We found a statistically significant frequency reduction in the level of bleeding gums following treatment mBI, Z = −5.39; p < 0.001. As can be seen in Table 1, better results were observed in 36 patients while there were no differences in only five of the patients. The size of the observed effect was very high, r = 0.84.

3.2. Plaque Deposit—Modified Plaque Index-mPLI

A significant reduction in the level of plaque deposit was observed following treatment mPLI, Z = −4.43; p < 0.001. As can be seen in Table 2, mPLI were better in 27 patients, while there were no significant differences observed before and after treatment in 12 of the patients, and slightly worse plaque deposit observed in 2 patients. The size of the observed effect was very high, r = 0.69.

3.3. Redness, Swelling and Exudation

A significant reduction in the occurrence of both redness and swelling was observed following in treatment. As can be seen in Table 3, we observed improvement in redness in 41 patients in swelling in 36 patients. The size of both effects were very high. Exudation was not observed upon both measurement I and II.

3.4. Depth of Pockets Formed by Implants

A significant reduction in probing depths by implants was observed following treatment, Z = −4.61; p < 0.001 (Figure 3). Improvements were observed in 24 of the patients, while there was no change in the remaining 17 patients. The size of the observed effect was very high, r = 0.72.

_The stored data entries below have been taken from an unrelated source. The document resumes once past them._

theorem theorem3:
  fixes n :: nat and M :: "'g set" and v :: "nat \<Rightarrow> 'g set \<Rightarrow> real" and b :: "nat \<Rightarrow> real"
  assumes "n \<ge> 1"
    and "finite M"
    and "\<And>i. i < n \<Longrightarrow> is_XOS M (v i)"
    and "\<And>i. i < n \<Longrightarrow> b i > 0"
  shows "\<exists>A. is_allocation n M A \<and>
           (\<forall>i<n. v i (A i) \<ge> WMMS n M v b i / real n)"
proof -
  have n: "0 < n" using assms(1) by simp
  obtain S u where S_disj: "\<And>i. i < n \<Longrightarrow> disjoint_family_on (S i) {..<n}"
    and S_sub: "\<And>i j. i < n \<Longrightarrow> j < n \<Longrightarrow> S i j \<subseteq> M"
    and u_nonneg: "\<And>i j g. i < n \<Longrightarrow> j < n \<Longrightarrow> g \<in> M \<Longrightarrow> 0 \<le> u i j g"
    and u_le_v: "\<And>i j T. i < n \<Longrightarrow> j < n \<Longrightarrow> T \<subseteq> M \<Longrightarrow> sum (u i j) T \<le> v i T"
    and wmms: "\<And>i j. i < n \<Longrightarrow> j < n \<Longrightarrow> b i \<le> b j \<Longrightarrow> WMMS n M v b i \<le> sum (u i j) (S i j)"
    using XOS_WMMS_partitions[where v = v and b = b, OF assms(2) n assms(3,4)] by blast
  have "0 \<le> u i j g" if "i < n" "j < n" "g \<in> S i j" for i j g
    using u_nonneg[OF that(1,2)] S_sub[OF that(1,2)] that(3) by blast
  then obtain A where A: "is_allocation n M A" and share: "\<forall>i<n. \<exists>j<n. b i \<le> b j \<and>
      sum (u i j) (S i j) \<le> real n * sum (u i j) (A i \<inter> S i j)"
    using ex_allocation_share_of_heavier_bundle[where b = b and S = S and u = u,
        OF n assms(2) S_disj S_sub]
    by blast
  have "WMMS n M v b i \<le> real n * v i (A i)" if i: "i < n" for i
  proof -
    obtain j where j: "j < n" "b i \<le> b j"
      and share_j: "sum (u i j) (S i j) \<le> real n * sum (u i j) (A i \<inter> S i j)"
      using share i by blast
    have A_i: "A i \<subseteq> M" using is_allocation_subset[OF A i] .
    have "WMMS n M v b i \<le> sum (u i j) (S i j)" using wmms[OF i j] .
    also have "\<dots> \<le> real n * sum (u i j) (A i \<inter> S i j)" by (rule share_j)
    also have "\<dots> \<le> real n * sum (u i j) (A i)"
      using A_i u_nonneg[OF i j(1)] finite_subset[OF A_i assms(2)]
      by (intro mult_left_mono sum_mono2) auto
    also have "\<dots> \<le> real n * v i (A i)"
      using u_le_v[OF i j(1) A_i] by (intro mult_left_mono) simp_all
    finally show ?thesis .
  qed
  then show ?thesis using A n by (auto simp: divide_le_eq mult.commute)
qed

end
lemma energy2_avg2_diff_le:
  fixes u :: "real \<Rightarrow> real"
  assumes C: "0 \<le> C" and H: "\<forall>x\<in>{0..1}. \<forall>y\<in>{0..1}. \<bar>u x - u y\<bar> \<le> C * sqrt \<bar>x - y\<bar>"
    and s: "0 \<le> s" and \<Lambda>: "0 \<le> \<Lambda>"
    and j2_le: "\<And>x y. is_wire n x y \<Longrightarrow> 0 < j2 r n x y \<and> j2 r n x y \<le> \<Lambda> * \<bar>x - y\<bar> powr (-1 - 2 * s)"
    and \<gamma>: "1/4 + s \<le> \<gamma>" "1 < \<gamma>"
  shows "\<bar>energy2 r n (avg2 n u) - energy2 r n u\<bar>
    \<le> 32 * C\<^sup>2 * \<Lambda> * (\<Sum>j. real j powr -\<gamma>)\<^sup>2 * mesh2 n powr (5/2 - 2 * \<gamma>)"
proof -
  define g where "g x = \<bar>x - 1/2\<bar> powr -(1/4 + s)" for x :: real
  define K where "K = 8 * C\<^sup>2 * \<Lambda> * (mesh2 n)\<^sup>2 * sqrt (mesh2 n)"
  define Z where "Z = (\<Sum>j. real j powr -\<gamma>)"
  have K: "0 \<le> K" using C \<Lambda> mesh2_pos[of n] by (simp add: K_def)
  have "energy2 r n (avg2 n u) - energy2 r n u = (\<Sum>x\<in>V2 n. \<Sum>y\<in>V2 n.
      ((avg2 n u x - avg2 n u y)\<^sup>2 - (u x - u y)\<^sup>2) * j2 r n x y * mu2 n x * mu2 n y)"
    unfolding energy2_def by (simp add: sum_subtractf[symmetric] left_diff_distrib)
  also have "\<bar>\<dots>\<bar> \<le> K * (sum g (V2 n))\<^sup>2"
    unfolding K_def g_def
    by (rule abs_double_sum_le_square, rule energy2_term_le[OF C H s \<Lambda> j2_le])
  also have "\<dots> \<le> K * (2 * (Z * mesh2 n powr -\<gamma>))\<^sup>2"
    unfolding g_def Z_def using K s \<gamma>
    by (intro mult_left_mono power_mono sum_V2_dist_half_powr_le sum_nonneg) auto
  also have "\<dots> = 32 * C\<^sup>2 * \<Lambda> * Z\<^sup>2 * ((mesh2 n)\<^sup>2 * sqrt (mesh2 n) * (mesh2 n powr -\<gamma>)\<^sup>2)"
    by (simp add: K_def power2_eq_square)
  finally show ?thesis unfolding power2_sqrt_powr_square[OF mesh2_pos] Z_def .
qed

3.5. Occurrence of Bacterial Strains

Significant differences in the frequency of occurrence of different bacteria strains were observed following treatment (Table 4). Aggregatibacter actinomycetemcomitans was absent following treatment (at measurement II) in six patients out of the nine patients in which this pathogen was present before treatment (at measurement I). Treponema denticola, Tannerella forsythia and Peptostrep. (Micromonas) micros were all absent following treatment in 8 out of 19 patients, 20 out of 27 patients and Peptostrep. in 17 out of 40 patients, respectively. The size of all the observed effects was high or very high. Nearly statistically significant difference in Eubacterium nodatum was observed following treatment. This pathogen was absent at measurement II in three out of five patients. Size of this effect was moderate. Other results were not statistically significant. Porphyromonas gingivalis was absent following treatment (at in measurement II) in 8 out of 12 patients in which this pathogen was present before treatment (at measurement I). Interestingly, this pathogen was observed in three patients following treatment (at in measurement II), while it was absent in these patients prior to treatment (at measurement I). Capnocytophaga gingivalis was absent following treatment in 1 out of 31 patients, while Prevotella intermedia was not observed in any of the patients, both before and after treatment.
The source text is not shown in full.